(Stored items)
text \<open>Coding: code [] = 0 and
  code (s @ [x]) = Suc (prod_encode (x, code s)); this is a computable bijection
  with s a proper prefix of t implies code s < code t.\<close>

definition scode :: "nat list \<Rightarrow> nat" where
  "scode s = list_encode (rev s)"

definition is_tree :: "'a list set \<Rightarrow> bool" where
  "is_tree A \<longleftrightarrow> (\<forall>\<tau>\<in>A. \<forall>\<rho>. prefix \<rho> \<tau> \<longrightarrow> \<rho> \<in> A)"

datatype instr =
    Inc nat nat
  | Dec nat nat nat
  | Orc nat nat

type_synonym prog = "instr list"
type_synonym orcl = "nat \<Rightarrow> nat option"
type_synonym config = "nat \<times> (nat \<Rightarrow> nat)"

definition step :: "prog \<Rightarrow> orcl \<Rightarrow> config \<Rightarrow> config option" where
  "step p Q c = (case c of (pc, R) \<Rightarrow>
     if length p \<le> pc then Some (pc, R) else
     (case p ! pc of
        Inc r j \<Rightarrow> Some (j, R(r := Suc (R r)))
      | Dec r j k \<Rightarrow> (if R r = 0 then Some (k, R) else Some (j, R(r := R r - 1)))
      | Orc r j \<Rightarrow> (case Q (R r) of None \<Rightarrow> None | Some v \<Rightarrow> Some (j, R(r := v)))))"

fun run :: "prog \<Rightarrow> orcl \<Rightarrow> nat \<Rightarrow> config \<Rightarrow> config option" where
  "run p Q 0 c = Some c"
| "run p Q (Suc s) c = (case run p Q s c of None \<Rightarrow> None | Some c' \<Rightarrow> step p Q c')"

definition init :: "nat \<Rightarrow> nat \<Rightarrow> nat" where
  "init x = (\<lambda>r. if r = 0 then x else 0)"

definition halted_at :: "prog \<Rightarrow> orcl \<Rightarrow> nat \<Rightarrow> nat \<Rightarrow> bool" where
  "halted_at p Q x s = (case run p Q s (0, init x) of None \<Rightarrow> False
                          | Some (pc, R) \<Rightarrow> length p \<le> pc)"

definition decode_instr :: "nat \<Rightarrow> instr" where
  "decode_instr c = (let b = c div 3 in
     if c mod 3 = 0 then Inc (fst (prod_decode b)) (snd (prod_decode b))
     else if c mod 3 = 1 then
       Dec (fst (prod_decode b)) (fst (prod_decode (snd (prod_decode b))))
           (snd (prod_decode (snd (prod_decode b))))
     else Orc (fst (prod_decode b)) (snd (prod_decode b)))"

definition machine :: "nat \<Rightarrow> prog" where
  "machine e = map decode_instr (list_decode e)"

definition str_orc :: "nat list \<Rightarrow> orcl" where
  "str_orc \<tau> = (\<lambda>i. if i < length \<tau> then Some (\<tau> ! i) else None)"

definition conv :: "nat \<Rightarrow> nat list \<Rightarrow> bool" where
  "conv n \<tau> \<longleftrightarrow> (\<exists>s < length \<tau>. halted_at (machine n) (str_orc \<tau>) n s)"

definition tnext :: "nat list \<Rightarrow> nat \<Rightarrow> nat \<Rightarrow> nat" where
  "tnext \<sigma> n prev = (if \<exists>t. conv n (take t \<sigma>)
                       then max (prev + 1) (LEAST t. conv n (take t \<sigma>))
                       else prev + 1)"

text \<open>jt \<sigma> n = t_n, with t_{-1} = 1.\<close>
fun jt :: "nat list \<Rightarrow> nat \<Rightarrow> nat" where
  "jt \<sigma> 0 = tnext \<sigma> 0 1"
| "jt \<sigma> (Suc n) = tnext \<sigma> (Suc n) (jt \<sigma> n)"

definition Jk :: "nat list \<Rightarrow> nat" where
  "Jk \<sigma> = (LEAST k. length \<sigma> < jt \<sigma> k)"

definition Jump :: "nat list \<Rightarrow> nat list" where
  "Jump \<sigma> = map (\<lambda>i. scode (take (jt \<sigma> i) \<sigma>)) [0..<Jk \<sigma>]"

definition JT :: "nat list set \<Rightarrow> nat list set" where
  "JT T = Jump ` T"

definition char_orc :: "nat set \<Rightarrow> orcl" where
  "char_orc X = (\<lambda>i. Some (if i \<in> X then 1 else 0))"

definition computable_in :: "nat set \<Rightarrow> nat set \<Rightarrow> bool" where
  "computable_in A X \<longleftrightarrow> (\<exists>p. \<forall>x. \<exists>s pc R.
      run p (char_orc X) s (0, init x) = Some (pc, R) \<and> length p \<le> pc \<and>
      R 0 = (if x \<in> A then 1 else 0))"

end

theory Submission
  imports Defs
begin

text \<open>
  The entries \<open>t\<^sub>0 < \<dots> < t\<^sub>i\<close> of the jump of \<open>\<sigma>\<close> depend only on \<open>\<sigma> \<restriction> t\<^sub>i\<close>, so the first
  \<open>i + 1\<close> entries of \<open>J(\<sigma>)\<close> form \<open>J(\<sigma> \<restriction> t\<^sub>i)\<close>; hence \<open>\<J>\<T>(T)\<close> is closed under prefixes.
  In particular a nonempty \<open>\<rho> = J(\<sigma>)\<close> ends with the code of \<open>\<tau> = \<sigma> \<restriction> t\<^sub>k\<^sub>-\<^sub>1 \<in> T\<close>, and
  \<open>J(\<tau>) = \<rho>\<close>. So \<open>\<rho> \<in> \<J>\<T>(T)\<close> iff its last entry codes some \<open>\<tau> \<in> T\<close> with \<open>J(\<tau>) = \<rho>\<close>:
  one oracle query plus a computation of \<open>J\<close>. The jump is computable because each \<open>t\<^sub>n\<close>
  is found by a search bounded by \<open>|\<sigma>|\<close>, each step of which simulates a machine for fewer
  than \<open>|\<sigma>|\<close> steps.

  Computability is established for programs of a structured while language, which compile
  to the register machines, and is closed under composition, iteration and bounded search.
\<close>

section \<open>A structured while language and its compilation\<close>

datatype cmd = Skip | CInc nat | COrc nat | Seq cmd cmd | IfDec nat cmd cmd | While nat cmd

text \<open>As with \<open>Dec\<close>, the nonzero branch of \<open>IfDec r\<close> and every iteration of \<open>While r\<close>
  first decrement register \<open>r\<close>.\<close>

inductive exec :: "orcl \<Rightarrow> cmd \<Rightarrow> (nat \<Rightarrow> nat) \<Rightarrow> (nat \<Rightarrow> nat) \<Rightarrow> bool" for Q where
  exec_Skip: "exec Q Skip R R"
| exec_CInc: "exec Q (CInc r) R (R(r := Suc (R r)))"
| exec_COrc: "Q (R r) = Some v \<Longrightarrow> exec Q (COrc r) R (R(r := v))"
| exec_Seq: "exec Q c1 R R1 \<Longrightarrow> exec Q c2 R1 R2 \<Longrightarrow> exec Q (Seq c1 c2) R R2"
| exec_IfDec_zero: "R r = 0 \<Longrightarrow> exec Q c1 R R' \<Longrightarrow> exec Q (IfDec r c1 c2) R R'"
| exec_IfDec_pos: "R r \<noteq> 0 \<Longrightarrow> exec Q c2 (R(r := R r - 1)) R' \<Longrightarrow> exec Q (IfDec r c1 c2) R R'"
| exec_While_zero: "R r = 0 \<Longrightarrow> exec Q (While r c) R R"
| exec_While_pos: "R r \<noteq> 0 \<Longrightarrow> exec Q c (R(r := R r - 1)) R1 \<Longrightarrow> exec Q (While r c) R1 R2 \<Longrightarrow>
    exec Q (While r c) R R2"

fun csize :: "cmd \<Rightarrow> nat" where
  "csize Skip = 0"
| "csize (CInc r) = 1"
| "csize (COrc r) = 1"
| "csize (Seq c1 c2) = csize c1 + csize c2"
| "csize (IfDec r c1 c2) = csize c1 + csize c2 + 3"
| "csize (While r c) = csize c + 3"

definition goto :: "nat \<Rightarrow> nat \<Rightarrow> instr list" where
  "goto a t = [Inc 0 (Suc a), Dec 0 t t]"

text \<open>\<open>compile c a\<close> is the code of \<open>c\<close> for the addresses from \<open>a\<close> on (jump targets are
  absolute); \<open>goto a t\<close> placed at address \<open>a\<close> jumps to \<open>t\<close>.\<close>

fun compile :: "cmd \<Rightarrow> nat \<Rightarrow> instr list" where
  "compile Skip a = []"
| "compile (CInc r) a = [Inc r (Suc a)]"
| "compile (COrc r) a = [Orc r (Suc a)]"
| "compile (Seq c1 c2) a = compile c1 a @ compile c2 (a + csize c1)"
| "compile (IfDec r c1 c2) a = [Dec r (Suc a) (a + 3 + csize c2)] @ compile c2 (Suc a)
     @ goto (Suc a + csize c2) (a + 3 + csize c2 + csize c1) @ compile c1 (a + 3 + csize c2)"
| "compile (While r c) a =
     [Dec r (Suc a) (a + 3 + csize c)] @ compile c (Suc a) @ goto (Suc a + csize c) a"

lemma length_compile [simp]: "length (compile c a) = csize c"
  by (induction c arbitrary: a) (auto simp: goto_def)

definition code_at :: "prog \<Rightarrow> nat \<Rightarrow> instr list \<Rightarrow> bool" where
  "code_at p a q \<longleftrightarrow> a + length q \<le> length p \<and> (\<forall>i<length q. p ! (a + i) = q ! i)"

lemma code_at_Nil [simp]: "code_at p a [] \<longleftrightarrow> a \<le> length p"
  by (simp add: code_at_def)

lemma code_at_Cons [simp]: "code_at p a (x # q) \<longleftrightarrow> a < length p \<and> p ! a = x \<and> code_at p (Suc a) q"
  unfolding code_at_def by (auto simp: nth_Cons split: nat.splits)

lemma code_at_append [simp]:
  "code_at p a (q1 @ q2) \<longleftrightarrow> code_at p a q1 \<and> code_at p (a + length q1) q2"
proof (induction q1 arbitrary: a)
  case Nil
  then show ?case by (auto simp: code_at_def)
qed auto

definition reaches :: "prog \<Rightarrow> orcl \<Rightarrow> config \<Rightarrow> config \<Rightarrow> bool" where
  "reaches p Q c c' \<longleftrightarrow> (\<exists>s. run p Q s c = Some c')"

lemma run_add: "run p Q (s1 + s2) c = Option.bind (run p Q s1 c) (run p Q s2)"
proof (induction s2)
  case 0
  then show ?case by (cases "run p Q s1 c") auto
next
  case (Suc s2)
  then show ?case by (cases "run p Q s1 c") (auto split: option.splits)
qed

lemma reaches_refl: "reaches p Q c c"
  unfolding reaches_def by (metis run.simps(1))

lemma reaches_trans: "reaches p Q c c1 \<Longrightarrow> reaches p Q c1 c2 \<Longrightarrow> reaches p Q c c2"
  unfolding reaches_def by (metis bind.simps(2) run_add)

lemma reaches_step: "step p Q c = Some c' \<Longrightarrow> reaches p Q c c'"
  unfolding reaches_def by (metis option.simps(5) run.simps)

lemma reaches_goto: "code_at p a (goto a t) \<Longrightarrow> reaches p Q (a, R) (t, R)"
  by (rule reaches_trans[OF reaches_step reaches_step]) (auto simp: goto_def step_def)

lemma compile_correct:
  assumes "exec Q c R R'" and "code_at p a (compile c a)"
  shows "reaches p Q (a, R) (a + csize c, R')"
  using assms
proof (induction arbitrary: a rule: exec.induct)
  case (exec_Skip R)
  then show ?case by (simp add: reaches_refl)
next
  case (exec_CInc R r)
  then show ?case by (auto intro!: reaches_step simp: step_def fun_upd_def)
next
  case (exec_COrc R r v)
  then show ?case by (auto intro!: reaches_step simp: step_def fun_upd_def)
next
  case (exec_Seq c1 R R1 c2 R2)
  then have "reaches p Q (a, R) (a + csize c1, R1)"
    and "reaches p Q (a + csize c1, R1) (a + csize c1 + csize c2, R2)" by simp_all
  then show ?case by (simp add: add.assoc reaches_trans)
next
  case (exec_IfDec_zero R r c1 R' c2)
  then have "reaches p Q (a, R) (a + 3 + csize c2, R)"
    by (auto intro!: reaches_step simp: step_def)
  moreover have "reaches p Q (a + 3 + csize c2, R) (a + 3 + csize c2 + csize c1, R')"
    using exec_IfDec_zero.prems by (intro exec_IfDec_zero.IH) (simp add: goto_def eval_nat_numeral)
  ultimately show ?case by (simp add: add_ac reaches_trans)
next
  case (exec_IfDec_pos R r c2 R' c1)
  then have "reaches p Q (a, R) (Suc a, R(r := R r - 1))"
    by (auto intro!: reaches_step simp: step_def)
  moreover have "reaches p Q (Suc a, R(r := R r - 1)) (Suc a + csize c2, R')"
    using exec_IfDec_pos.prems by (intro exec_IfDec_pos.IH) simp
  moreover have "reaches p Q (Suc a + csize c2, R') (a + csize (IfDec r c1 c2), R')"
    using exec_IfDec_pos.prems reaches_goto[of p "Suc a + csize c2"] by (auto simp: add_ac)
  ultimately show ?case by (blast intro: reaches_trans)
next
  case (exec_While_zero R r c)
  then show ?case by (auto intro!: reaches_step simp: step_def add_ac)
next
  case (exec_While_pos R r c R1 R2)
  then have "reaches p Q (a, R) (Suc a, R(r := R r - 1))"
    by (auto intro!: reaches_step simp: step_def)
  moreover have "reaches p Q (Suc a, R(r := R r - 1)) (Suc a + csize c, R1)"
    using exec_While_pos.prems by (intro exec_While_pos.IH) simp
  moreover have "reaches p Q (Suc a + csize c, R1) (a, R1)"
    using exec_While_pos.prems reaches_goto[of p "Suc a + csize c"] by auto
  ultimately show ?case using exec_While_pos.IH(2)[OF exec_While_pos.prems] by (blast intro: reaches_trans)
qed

* * *

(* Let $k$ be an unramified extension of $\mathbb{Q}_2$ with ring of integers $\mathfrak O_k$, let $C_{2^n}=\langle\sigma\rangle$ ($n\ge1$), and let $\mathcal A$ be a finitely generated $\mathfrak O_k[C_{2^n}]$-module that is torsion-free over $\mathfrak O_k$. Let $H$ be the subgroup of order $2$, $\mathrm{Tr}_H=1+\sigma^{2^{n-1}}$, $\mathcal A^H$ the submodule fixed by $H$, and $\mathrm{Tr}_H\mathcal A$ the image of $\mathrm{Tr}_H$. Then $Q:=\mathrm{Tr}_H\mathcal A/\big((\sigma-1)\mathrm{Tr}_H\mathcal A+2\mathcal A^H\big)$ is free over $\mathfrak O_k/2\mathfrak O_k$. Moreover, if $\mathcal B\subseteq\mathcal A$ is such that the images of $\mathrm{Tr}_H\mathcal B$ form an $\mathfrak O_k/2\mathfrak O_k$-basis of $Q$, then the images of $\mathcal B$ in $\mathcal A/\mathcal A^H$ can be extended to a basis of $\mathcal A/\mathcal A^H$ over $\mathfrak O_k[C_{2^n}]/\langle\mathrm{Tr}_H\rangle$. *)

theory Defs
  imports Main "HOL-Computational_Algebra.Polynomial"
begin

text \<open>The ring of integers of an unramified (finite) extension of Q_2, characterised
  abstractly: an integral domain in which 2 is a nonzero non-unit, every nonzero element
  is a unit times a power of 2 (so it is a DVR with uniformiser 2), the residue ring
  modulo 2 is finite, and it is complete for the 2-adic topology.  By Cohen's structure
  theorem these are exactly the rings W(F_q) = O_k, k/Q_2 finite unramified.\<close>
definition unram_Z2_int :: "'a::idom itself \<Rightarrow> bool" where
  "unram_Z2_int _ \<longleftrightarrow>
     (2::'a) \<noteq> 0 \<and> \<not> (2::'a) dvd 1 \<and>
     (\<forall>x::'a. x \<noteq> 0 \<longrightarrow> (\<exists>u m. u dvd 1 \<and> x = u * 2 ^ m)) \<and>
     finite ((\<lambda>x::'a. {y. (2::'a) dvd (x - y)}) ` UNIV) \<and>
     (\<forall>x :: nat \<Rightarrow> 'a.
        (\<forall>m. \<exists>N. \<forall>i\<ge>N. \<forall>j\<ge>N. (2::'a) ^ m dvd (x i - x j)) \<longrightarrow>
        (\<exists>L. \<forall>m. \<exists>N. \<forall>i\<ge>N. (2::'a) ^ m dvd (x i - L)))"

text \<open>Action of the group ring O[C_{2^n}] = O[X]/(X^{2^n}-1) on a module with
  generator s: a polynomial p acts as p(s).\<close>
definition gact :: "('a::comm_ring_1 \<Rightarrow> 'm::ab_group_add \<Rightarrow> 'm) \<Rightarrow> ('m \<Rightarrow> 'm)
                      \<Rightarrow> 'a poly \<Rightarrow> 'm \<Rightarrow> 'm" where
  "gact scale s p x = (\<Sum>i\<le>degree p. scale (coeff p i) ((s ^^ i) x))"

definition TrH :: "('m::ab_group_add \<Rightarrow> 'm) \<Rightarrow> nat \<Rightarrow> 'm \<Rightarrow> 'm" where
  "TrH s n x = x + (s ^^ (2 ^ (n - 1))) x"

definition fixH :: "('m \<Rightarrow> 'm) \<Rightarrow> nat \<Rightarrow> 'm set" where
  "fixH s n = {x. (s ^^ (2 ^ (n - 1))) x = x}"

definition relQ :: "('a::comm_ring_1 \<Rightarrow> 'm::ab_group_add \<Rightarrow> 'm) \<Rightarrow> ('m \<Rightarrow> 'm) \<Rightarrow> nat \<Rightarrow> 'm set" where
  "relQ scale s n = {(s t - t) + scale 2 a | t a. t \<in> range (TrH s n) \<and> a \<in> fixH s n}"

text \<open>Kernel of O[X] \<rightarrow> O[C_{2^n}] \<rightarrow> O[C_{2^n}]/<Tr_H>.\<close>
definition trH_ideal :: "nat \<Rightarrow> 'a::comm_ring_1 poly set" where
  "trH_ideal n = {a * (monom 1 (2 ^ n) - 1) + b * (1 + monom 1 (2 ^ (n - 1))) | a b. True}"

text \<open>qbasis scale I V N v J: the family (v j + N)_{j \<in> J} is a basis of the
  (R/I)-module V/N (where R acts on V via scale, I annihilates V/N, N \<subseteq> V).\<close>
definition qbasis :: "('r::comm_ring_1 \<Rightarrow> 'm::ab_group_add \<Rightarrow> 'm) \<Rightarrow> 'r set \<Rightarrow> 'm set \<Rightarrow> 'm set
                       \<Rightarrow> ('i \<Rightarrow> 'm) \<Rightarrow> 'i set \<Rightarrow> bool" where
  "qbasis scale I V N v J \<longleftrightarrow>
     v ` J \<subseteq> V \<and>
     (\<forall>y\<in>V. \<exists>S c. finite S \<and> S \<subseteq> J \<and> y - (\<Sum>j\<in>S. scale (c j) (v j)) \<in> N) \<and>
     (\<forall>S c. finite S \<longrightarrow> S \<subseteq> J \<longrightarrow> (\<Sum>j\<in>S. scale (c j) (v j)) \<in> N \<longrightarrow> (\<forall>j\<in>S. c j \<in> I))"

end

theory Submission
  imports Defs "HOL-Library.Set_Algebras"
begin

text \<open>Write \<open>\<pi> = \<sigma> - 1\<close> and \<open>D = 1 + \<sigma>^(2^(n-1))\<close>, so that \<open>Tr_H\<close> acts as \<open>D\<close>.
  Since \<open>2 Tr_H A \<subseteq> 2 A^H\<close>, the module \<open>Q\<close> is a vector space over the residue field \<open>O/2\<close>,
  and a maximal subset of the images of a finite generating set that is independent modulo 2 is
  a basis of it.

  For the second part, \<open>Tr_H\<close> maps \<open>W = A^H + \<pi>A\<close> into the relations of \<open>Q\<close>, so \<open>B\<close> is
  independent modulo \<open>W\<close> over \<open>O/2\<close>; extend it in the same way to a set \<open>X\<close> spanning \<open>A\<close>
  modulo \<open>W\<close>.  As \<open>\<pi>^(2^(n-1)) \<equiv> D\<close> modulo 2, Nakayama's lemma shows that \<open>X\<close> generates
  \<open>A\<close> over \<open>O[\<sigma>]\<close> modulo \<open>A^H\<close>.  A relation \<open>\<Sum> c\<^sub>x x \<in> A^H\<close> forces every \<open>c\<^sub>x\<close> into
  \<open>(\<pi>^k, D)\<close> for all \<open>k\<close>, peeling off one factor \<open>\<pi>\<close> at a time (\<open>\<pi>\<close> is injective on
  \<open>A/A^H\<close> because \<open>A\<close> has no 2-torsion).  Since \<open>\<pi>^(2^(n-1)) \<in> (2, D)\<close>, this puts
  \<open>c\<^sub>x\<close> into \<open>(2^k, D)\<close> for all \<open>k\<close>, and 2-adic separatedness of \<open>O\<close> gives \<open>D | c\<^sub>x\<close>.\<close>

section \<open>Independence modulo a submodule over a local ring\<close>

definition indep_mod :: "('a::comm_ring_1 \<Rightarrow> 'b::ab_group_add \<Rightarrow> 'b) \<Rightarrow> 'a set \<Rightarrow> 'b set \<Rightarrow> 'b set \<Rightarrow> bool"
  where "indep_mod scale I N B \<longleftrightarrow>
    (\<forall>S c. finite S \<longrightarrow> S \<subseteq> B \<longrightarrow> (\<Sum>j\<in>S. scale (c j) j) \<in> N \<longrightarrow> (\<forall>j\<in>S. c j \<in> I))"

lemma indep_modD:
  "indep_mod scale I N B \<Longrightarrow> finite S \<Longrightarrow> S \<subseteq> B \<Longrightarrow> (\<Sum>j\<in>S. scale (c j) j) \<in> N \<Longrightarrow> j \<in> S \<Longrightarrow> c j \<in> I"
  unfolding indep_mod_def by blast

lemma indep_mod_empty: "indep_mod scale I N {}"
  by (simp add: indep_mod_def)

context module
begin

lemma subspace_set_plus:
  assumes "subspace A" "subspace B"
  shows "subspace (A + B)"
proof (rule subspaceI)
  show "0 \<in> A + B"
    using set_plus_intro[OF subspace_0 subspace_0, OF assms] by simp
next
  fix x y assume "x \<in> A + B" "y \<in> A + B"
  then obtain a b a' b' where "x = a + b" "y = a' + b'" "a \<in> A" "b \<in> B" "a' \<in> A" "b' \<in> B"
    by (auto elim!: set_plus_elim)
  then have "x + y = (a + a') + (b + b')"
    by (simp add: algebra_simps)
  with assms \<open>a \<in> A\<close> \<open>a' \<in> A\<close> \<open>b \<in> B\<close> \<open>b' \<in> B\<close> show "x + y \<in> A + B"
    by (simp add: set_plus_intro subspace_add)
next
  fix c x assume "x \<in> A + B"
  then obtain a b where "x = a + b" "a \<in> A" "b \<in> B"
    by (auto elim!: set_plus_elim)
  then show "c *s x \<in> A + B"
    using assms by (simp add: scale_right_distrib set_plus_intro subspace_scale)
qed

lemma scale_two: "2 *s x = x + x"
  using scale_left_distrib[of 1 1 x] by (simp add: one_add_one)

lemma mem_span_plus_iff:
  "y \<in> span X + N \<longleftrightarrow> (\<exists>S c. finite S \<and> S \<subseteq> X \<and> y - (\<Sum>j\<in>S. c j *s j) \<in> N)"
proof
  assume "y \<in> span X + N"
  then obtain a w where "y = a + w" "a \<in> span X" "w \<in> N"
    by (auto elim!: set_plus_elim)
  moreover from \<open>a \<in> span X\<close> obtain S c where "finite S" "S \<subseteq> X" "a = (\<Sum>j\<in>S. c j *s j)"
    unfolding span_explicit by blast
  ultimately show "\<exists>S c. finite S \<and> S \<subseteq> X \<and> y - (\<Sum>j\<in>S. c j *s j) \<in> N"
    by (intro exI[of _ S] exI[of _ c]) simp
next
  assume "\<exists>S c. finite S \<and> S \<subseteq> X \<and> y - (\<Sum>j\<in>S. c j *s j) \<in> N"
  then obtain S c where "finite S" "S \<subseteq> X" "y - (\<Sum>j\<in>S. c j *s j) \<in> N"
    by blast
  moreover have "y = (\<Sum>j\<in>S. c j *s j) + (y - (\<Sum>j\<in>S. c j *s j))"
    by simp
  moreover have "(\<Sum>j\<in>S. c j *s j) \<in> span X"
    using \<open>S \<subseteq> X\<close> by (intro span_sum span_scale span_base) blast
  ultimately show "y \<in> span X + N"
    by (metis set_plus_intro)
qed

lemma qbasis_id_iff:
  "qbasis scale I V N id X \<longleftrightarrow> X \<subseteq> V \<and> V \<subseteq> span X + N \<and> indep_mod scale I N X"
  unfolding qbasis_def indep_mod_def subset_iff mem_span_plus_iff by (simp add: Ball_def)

Your goal: Once you find the line with "[Inc r (Suc" in the entries above, output it and each line after it up to and including the line with "instr list \<Rightarrow>", and nothing else.

Reply to the exercise:
| "compile (CInc r) a = [Inc r (Suc a)]"
| "compile (COrc r) a = [Orc r (Suc a)]"
| "compile (Seq c1 c2) a = compile c1 a @ compile c2 (a + csize c1)"
| "compile (IfDec r c1 c2) a = [Dec r (Suc a) (a + 3 + csize c2)] @ compile c2 (Suc a)
     @ goto (Suc a + csize c2) (a + 3 + csize c2 + csize c1) @ compile c1 (a + 3 + csize c2)"
| "compile (While r c) a =
     [Dec r (Suc a) (a + 3 + csize c)] @ compile c (Suc a) @ goto (Suc a + csize c) a"

lemma length_compile [simp]: "length (compile c a) = csize c"
  by (induction c arbitrary: a) (auto simp: goto_def)

definition code_at :: "prog \<Rightarrow> nat \<Rightarrow> instr list \<Rightarrow> bool" where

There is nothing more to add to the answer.